*Task goal*
Scan the material below for the string "this", and copy every line where it shows up.

*Material shown*
(* Let $(S,V)$ be a complete semiring-semimodule pair, let $n\ge1$, let $\Gamma$ be an alphabet, and let $M\in (S^{n\times n})^{\Gamma^*\times\Gamma^*}$ be a pushdown transition matrix. Then for all $p\in\Gamma$, $$(M^\omega)_p=\sum_{p'\in\Gamma}(A_M)_{p,p'}\,(M^\omega)_{p'}.$$
   Context: A complete semiring-semimodule pair $(S,V)$ (in the sense of Ésik and Kuich, "Modern Automata Theory") consists of a complete starsemiring $S$ (arbitrary sums with infinite associativity/commutativity/distributivity laws, star $s^*=\sum_{j\ge0}s^j$) and a complete $S$-semimodule $V$, with infinite products $\prod_{j\ge1}s_j\in V$ of sequences in $S$ satisfying the axioms of that framework. $M\in (S^{n\times n})^{\Gamma^*\times\Gamma^*}$ (a $\Gamma^*\times\Gamma^*$ matrix with $n\times n$ blocks over $S$) is a pushdown transition matrix if (i) for each $p\in\Gamma$ only finitely many blocks $M_{p,\pi}$ are nonzero, and (ii) $M_{\pi_1,\pi_2}=M_{p,\pi}$ if $\pi_1=p\pi'$, $\pi_2=\pi\pi'$ for some $p\in\Gamma$, $\pi,\pi'\in\Gamma^*$, and $0$ otherwise. $M^*=\sum_{m\ge0}M^m$ with blocks $(M^* )_{\pi,\pi'}$. $M^\omega\in (V^n)^{\Gamma^*}$ is given by $((M^\omega)_\pi)_i=\sum_{\pi_1,\pi_2,\ldots\in\Gamma^*}\sum_{j_1,j_2,\ldots\in\{1,\dots,n\}}(M_{\pi,\pi_1})_{i,j_1}(M_{\pi_1,\pi_2})_{j_1,j_2}\cdots$. For $p,p'\in\Gamma$ the matrix $(A_M)_{p,p'}\in S^{n\times n}$ is $$(A_M)_{p,p'}=\sum_{\substack{\pi=p_1\dots p_k\in\Gamma^+,\ 1\le j\le k\\ p_j=p'}}M_{p,\pi}\,(M^* )_{p_1,\epsilon}\cdots(M^* )_{p_{j-1},\epsilon}.$$ *)

theory Defs
  imports Main "HOL-Library.Countable"
begin

(* Universe of indices for complete sums: U = nat => nat (cardinality of the continuum).
   Every index set used in the statement is encoded injectively into U. *)
type_synonym idx = "nat \<Rightarrow> nat"

definition seq_encode :: "(nat \<Rightarrow> idx) \<Rightarrow> idx" where
  "seq_encode \<sigma> = (\<lambda>k. case prod_decode k of (a, b) \<Rightarrow> \<sigma> a b)"

definition seq_decode :: "idx \<Rightarrow> nat \<Rightarrow> idx" where
  "seq_decode u = (\<lambda>a b. u (prod_encode (a, b)))"

(* Complete semiring-semimodule pair (Esik-Kuich), with sums over families indexed by
   subsets of the index universe idx.
   ssum f I = sum_{i in I} f i in S,  vsum f I = sum_{i in I} f i in V,
   smult = scalar action S x V -> V,  iprod s = prod_{j>=1} s_j (s_j = s (j-1)). *)
locale cssp =
  fixes ssum :: "(idx \<Rightarrow> 's::semiring_1) \<Rightarrow> idx set \<Rightarrow> 's"
    and vsum :: "(idx \<Rightarrow> 'v::comm_monoid_add) \<Rightarrow> idx set \<Rightarrow> 'v"
    and smult :: "'s \<Rightarrow> 'v \<Rightarrow> 'v"
    and iprod :: "(nat \<Rightarrow> 's) \<Rightarrow> 'v"
  assumes ssum_cong: "(\<And>i. i \<in> I \<Longrightarrow> f i = f' i) \<Longrightarrow> ssum f I = ssum f' I"
    and ssum_empty: "ssum f {} = 0"
    and ssum_single: "ssum f {i} = f i"
    and ssum_pair: "i \<noteq> k \<Longrightarrow> ssum f {i, k} = f i + f k"
    and ssum_partition:
      "(\<And>j j'. j \<in> J \<Longrightarrow> j' \<in> J \<Longrightarrow> j \<noteq> j' \<Longrightarrow> P j \<inter> P j' = {})
       \<Longrightarrow> ssum f (\<Union>j\<in>J. P j) = ssum (\<lambda>j. ssum f (P j)) J"
    and ssum_distl: "ssum (\<lambda>i. a * f i) I = a * ssum f I"
    and ssum_distr: "ssum (\<lambda>i. f i * a) I = ssum f I * a"
    and vsum_cong: "(\<And>i. i \<in> I \<Longrightarrow> g i = h i) \<Longrightarrow> vsum g I = vsum h I"
    and vsum_empty: "vsum g {} = 0"
    and vsum_single: "vsum g {i} = g i"
    and vsum_pair: "i \<noteq> k \<Longrightarrow> vsum g {i, k} = g i + g k"
    and vsum_partition:
      "(\<And>j j'. j \<in> J \<Longrightarrow> j' \<in> J \<Longrightarrow> j \<noteq> j' \<Longrightarrow> P j \<inter> P j' = {})
       \<Longrightarrow> vsum g (\<Union>j\<in>J. P j) = vsum (\<lambda>j. vsum g (P j)) J"
    and smult_add_left: "smult (a + b) v = smult a v + smult b v"
    and smult_add_right: "smult a (v + w) = smult a v + smult a w"
    and smult_mult: "smult (a * b) v = smult a (smult b v)"
    and smult_one: "smult 1 v = v"
    and smult_zero_left: "smult 0 v = 0"
    and smult_zero_right: "smult a 0 = 0"
    and vsum_smult_left: "vsum (\<lambda>i. smult (f i) v) I = smult (ssum f I) v"
    and vsum_smult_right: "vsum (\<lambda>i. smult a (g i)) I = smult a (vsum g I)"
    and iprod_first: "iprod s = smult (s 0) (iprod (\<lambda>j. s (Suc j)))"
    and iprod_group: "strict_mono n \<Longrightarrow> n 0 = 0 \<Longrightarrow>
       iprod s = iprod (\<lambda>j. prod_list (map s [n j..<n (Suc j)]))"
    and iprod_distrib:
      "iprod (\<lambda>j. ssum (F j) (Is j)) =
       vsum (\<lambda>u. iprod (\<lambda>j. F j (seq_decode u j))) (seq_encode ` {\<sigma>. \<forall>j. \<sigma> j \<in> Is j})"

definition csum :: "((idx \<Rightarrow> 's) \<Rightarrow> idx set \<Rightarrow> 's) \<Rightarrow> ('j::countable \<Rightarrow> 's) \<Rightarrow> 'j set \<Rightarrow> 's" where
  "csum ssum f J = ssum (\<lambda>u. f (from_nat (u 0))) ((\<lambda>x (_::nat). to_nat x) ` J)"

definition vsum_seq :: "((idx \<Rightarrow> 'v) \<Rightarrow> idx set \<Rightarrow> 'v) \<Rightarrow> ((nat \<Rightarrow> 'j::countable) \<Rightarrow> 'v)
    \<Rightarrow> (nat \<Rightarrow> 'j) set \<Rightarrow> 'v" where
  "vsum_seq vsum f X = vsum (\<lambda>u. f (from_nat \<circ> u)) ((\<lambda>x. to_nat \<circ> x) ` X)"

(* blocks: n x n matrices over S, with n = CARD('n) *)
type_synonym ('n, 's) block = "'n \<Rightarrow> 'n \<Rightarrow> 's"

definition zero_block :: "('n, 's::zero) block" where
  "zero_block = (\<lambda>_ _. 0)"

definition one_block :: "('n, 's::{zero,one}) block" where
  "one_block = (\<lambda>i j. if i = j then 1 else 0)"

definition block_mult :: "('n::finite, 's::semiring_1) block \<Rightarrow> ('n, 's) block \<Rightarrow> ('n, 's) block" where
  "block_mult A B = (\<lambda>i j. \<Sum>k\<in>UNIV. A i k * B k j)"

fun block_prod :: "('n::finite, 's::semiring_1) block list \<Rightarrow> ('n, 's) block" where
  "block_prod [] = one_block"
| "block_prod (A # As) = block_mult A (block_prod As)"

(* pushdown transition matrix M : Gamma* x Gamma* -> S^{n x n};  M [p] pi is M_{p,pi} *)
definition pushdown_transition_matrix :: "('a list \<Rightarrow> 'a list \<Rightarrow> ('n, 's::zero) block) \<Rightarrow> bool" where
  "pushdown_transition_matrix M \<longleftrightarrow>
     (\<forall>p. finite {\<pi>. M [p] \<pi> \<noteq> zero_block}) \<and>
     (\<forall>p \<pi> \<pi>'. M (p # \<pi>') (\<pi> @ \<pi>') = M [p] \<pi>) \<and>
     (\<forall>\<pi>1 \<pi>2. \<not> (\<exists>p \<pi> \<pi>'. \<pi>1 = p # \<pi>' \<and> \<pi>2 = \<pi> @ \<pi>') \<longrightarrow> M \<pi>1 \<pi>2 = zero_block)"

fun mpow :: "((idx \<Rightarrow> 's) \<Rightarrow> idx set \<Rightarrow> 's) \<Rightarrow> nat \<Rightarrow> ('a::countable list \<Rightarrow> 'a list \<Rightarrow> ('n::countable, 's::semiring_1) block)
    \<Rightarrow> 'a list \<Rightarrow> 'a list \<Rightarrow> ('n, 's) block" where
  "mpow ssum 0 M \<pi> \<pi>' = (if \<pi> = \<pi>' then one_block else zero_block)"
| "mpow ssum (Suc m) M \<pi> \<pi>' =
     (\<lambda>i j. csum ssum (\<lambda>(\<rho>, k). M \<pi> \<rho> i k * mpow ssum m M \<rho> \<pi>' k j) UNIV)"

definition mstar :: "((idx \<Rightarrow> 's) \<Rightarrow> idx set \<Rightarrow> 's) \<Rightarrow> ('a::countable list \<Rightarrow> 'a list \<Rightarrow> ('n::countable, 's::semiring_1) block)
    \<Rightarrow> 'a list \<Rightarrow> 'a list \<Rightarrow> ('n, 's) block" where
  "mstar ssum M \<pi> \<pi>' = (\<lambda>i j. csum ssum (\<lambda>m. mpow ssum m M \<pi> \<pi>' i j) UNIV)"

(* (A_M)_{p,p'} = sum over pi = p_1..p_k in Gamma^+ and 1 <= j <= k with p_j = p' of
   M_{p,pi} (M^* )_{p_1,eps} ... (M^* )_{p_{j-1},eps}.
   Here j is 0-based: pi ! j = p' and the prefix p_1..p_{j-1} is take j pi. *)
definition A_M :: "((idx \<Rightarrow> 's) \<Rightarrow> idx set \<Rightarrow> 's) \<Rightarrow> ('a::countable list \<Rightarrow> 'a list \<Rightarrow> ('n::finite, 's::semiring_1) block)
    \<Rightarrow> 'a \<Rightarrow> 'a \<Rightarrow> ('n, 's) block" where
  "A_M ssum M p p' = (\<lambda>i i'. csum ssum
     (\<lambda>(\<pi>, j). block_prod (M [p] \<pi> # map (\<lambda>q. mstar ssum M [q] []) (take j \<pi>)) i i')
     {(\<pi>, j). \<pi> \<noteq> [] \<and> j < length \<pi> \<and> \<pi> ! j = p'})"

(* ((M^omega)_pi)_i = sum over all sequences (pi_1,j_1),(pi_2,j_2),... of
   (M_{pi,pi_1})_{i,j_1} (M_{pi_1,pi_2})_{j_1,j_2} ...   (x k = (pi_{k+1}, j_{k+1})) *)
definition Momega :: "((idx \<Rightarrow> 'v) \<Rightarrow> idx set \<Rightarrow> 'v) \<Rightarrow> ((nat \<Rightarrow> 's) \<Rightarrow> 'v)
    \<Rightarrow> ('a::countable list \<Rightarrow> 'a list \<Rightarrow> ('n::countable, 's) block) \<Rightarrow> 'a list \<Rightarrow> 'n \<Rightarrow> 'v" where
  "Momega vsum iprod M \<pi> i = vsum_seq vsum
     (\<lambda>x. iprod (\<lambda>k. case (if k = 0 then (\<pi>, i) else x (k - 1)) of (\<rho>, a) \<Rightarrow>
                       (case x k of (\<sigma>, b) \<Rightarrow> M \<rho> \<sigma> a b)))
     UNIV"

end

(* (M^omega)_pi is the total weight of the infinite runs starting with stack pi. Splitting off
   the first step gives (M^omega)_p = sum_pi M_{p,pi} (M^omega)_pi. A run from p sigma either
   stays strictly above sigma forever, and is then a run from p with sigma appended at the
   bottom, or it reaches stack sigma for the first time after t+1 steps, in state k, which
   contributes (M^(t+1))_{p,eps} (M^omega)_sigma; since a pushdown matrix never jumps below
   the bottom part of a stack, all other runs have weight 0. Hence
   (M^omega)_{p sigma} = (M^omega)_p + (M^* )_{p,eps} (M^omega)_sigma, and unfolding this
   along pi = p_1 ... p_k gives
   (M^omega)_pi = sum_j (M^* )_{p_1,eps} ... (M^* )_{p_(j-1),eps} (M^omega)_{p_j},
   which turns the first-step equation into the claim. *)

theory Submission
  imports Defs "HOL-Library.Sublist"
begin

text \<open>Complete sums may be indexed by any type that embeds injectively into \<open>idx\<close>, such as
  infinite sequences over a countable type.\<close>

class idx_embeddable = assumes ex_inj_idx: "\<exists>e::'a \<Rightarrow> idx. inj e"

context countable
begin

subclass idx_embeddable
proof
  obtain f :: "'a \<Rightarrow> nat" where "inj f" using ex_inj by blast
  then have "inj (\<lambda>x::'a. \<lambda>_::nat. f x)"
    by (auto intro!: injI dest: fun_cong injD)
  then show "\<exists>e::'a \<Rightarrow> idx. inj e" by blast
qed

end

lemma seq_decode_encode [simp]: "seq_decode (seq_encode \<sigma>) = \<sigma>"
  by (auto simp: seq_decode_def seq_encode_def fun_eq_iff)

lemma seq_encode_eq_iff: "seq_encode \<sigma> = seq_encode \<tau> \<longleftrightarrow> \<sigma> = \<tau>"
  by (metis seq_decode_encode)

definition idx_enc :: "'a::idx_embeddable \<Rightarrow> idx" where
  "idx_enc = (SOME e. inj e)"

lemma inj_idx_enc: "inj idx_enc"
  unfolding idx_enc_def by (rule someI_ex[OF ex_inj_idx])

lemma idx_enc_eq_iff [simp]: "idx_enc x = idx_enc y \<longleftrightarrow> x = y"
  using inj_idx_enc by (auto simp: inj_def)

lemma inv_idx_enc [simp]: "inv idx_enc (idx_enc x) = x"
  by (rule inv_f_f[OF inj_idx_enc])

instance "fun" :: (countable, idx_embeddable) idx_embeddable
proof
  have "inj (\<lambda>f::'a \<Rightarrow> 'b. seq_encode (\<lambda>a. idx_enc (f (from_nat a))))"
  proof (rule injI)
    fix f g :: "'a \<Rightarrow> 'b"
    assume "seq_encode (\<lambda>a. idx_enc (f (from_nat a))) = seq_encode (\<lambda>a. idx_enc (g (from_nat a)))"
    then have "idx_enc (f x) = idx_enc (g x)" for x
      by (metis seq_encode_eq_iff from_nat_to_nat)
    then show "f = g" by auto
  qed
  then show "\<exists>e::('a \<Rightarrow> 'b) \<Rightarrow> idx. inj e" by blast
qed

instance prod :: (idx_embeddable, idx_embeddable) idx_embeddable
proof
  have "inj (\<lambda>(x::'a, y::'b). seq_encode (\<lambda>a. if a = 0 then idx_enc x else idx_enc y))"
  proof (rule injI, clarsimp)
    fix x x' :: 'a and y y' :: 'b
    assume "seq_encode (\<lambda>a. if a = 0 then idx_enc x else idx_enc y)
      = seq_encode (\<lambda>a. if a = 0 then idx_enc x' else idx_enc y')"
    then have "(\<lambda>a::nat. if a = 0 then idx_enc x else idx_enc y)
      = (\<lambda>a. if a = 0 then idx_enc x' else idx_enc y')" by (simp only: seq_encode_eq_iff)
    from fun_cong[OF this, of 0] fun_cong[OF this, of 1] show "x = x' \<and> y = y'" by simp
  qed
  then show "\<exists>e::('a \<times> 'b) \<Rightarrow> idx. inj e" by blast
qed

*Written reply*
   (M^omega)_{p sigma} = (M^omega)_p + (M^* )_{p,eps} (M^omega)_sigma, and unfolding this
    from fun_cong[OF this, of 0] fun_cong[OF this, of 1] show "x = x' \<and> y = y'" by simp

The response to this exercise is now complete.